Action item: Nothing but the records beneath, reproduced exactly, should appear in the answer.

Data:
lemma interleaved_window:
  assumes f: "ccw_parab n f" and n: "4 \<le> n" and h: "h < n"
    and hijk: "Suc h mod n = i" "Suc i mod n = j" "Suc j mod n = k"
  shows "interleaved (f h) (f i) (f j) (f k)"
proof -
  have f0_least: "f 0 < f k" if "1 \<le> k" "k < n" for k
    using f that unfolding ccw_parab_def by auto
  have f_decreasing: "f k < f j" if "1 \<le> j" "j < k" "k < n" for j k
    using f that unfolding ccw_parab_def by auto
  from n h hijk show ?thesis
  proof (cases rule: cyclic_window_cases)
    case 1
    moreover have "f 2 < f 1" "f (n - 1) < f 2" "f 0 < f (n - 1)"
      using n f_decreasing[of 1 2] f_decreasing[of 2 "n - 1"] f0_least[of "n - 1"] by simp_all
    ultimately show ?thesis by (intro interleavedI) simp
  next
    case 2
    moreover have "f (n - 2) < f 1" "f (n - 1) < f (n - 2)" "f 0 < f (n - 1)"
      using n f_decreasing[of 1 "n - 2"] f_decreasing[of "n - 2" "n - 1"] f0_least[of "n - 1"]
      by simp_all
    ultimately show ?thesis by (intro interleavedI) simp
  next
    case 3
    moreover have "f (n - 2) < f (n - 3)" "f (n - 1) < f (n - 2)" "f 0 < f (n - 1)"
      using n f_decreasing[of "n - 3" "n - 2"] f_decreasing[of "n - 2" "n - 1"] f0_least[of "n - 1"]
      by simp_all
    ultimately show ?thesis by (intro interleavedI) simp
  next
    case 4
    moreover have "f (h + 2) < f (h + 1)" "f (h + 3) < f (h + 2)"
      using 4 f_decreasing[of "h + 1" "h + 2"] f_decreasing[of "h + 2" "h + 3"] by simp_all
    moreover have "f 0 < f 3" if "h = 0" using 4 that f0_least[of 3] by simp
    moreover have "f (h + 1) < f h" if "h \<noteq> 0" using 4 that f_decreasing[of h "h + 1"] by simp
    ultimately show ?thesis by (cases "h = 0") (simp_all add: interleavedI)
  qed
qed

Result below:
lemma interleaved_window:
  assumes f: "ccw_parab n f" and n: "4 \<le> n" and h: "h < n"
    and hijk: "Suc h mod n = i" "Suc i mod n = j" "Suc j mod n = k"
  shows "interleaved (f h) (f i) (f j) (f k)"
proof -
  have f0_least: "f 0 < f k" if "1 \<le> k" "k < n" for k
    using f that unfolding ccw_parab_def by auto
  have f_decreasing: "f k < f j" if "1 \<le> j" "j < k" "k < n" for j k
    using f that unfolding ccw_parab_def by auto
  from n h hijk show ?thesis
  proof (cases rule: cyclic_window_cases)
    case 1
    moreover have "f 2 < f 1" "f (n - 1) < f 2" "f 0 < f (n - 1)"
      using n f_decreasing[of 1 2] f_decreasing[of 2 "n - 1"] f0_least[of "n - 1"] by simp_all
    ultimately show ?thesis by (intro interleavedI) simp
  next
    case 2
    moreover have "f (n - 2) < f 1" "f (n - 1) < f (n - 2)" "f 0 < f (n - 1)"
      using n f_decreasing[of 1 "n - 2"] f_decreasing[of "n - 2" "n - 1"] f0_least[of "n - 1"]
      by simp_all
    ultimately show ?thesis by (intro interleavedI) simp
  next
    case 3
    moreover have "f (n - 2) < f (n - 3)" "f (n - 1) < f (n - 2)" "f 0 < f (n - 1)"
      using n f_decreasing[of "n - 3" "n - 2"] f_decreasing[of "n - 2" "n - 1"] f0_least[of "n - 1"]
      by simp_all
    ultimately show ?thesis by (intro interleavedI) simp
  next
    case 4
    moreover have "f (h + 2) < f (h + 1)" "f (h + 3) < f (h + 2)"
      using 4 f_decreasing[of "h + 1" "h + 2"] f_decreasing[of "h + 2" "h + 3"] by simp_all
    moreover have "f 0 < f 3" if "h = 0" using 4 that f0_least[of 3] by simp
    moreover have "f (h + 1) < f h" if "h \<noteq> 0" using 4 that f_decreasing[of h "h + 1"] by simp
    ultimately show ?thesis by (cases "h = 0") (simp_all add: interleavedI)
  qed
qed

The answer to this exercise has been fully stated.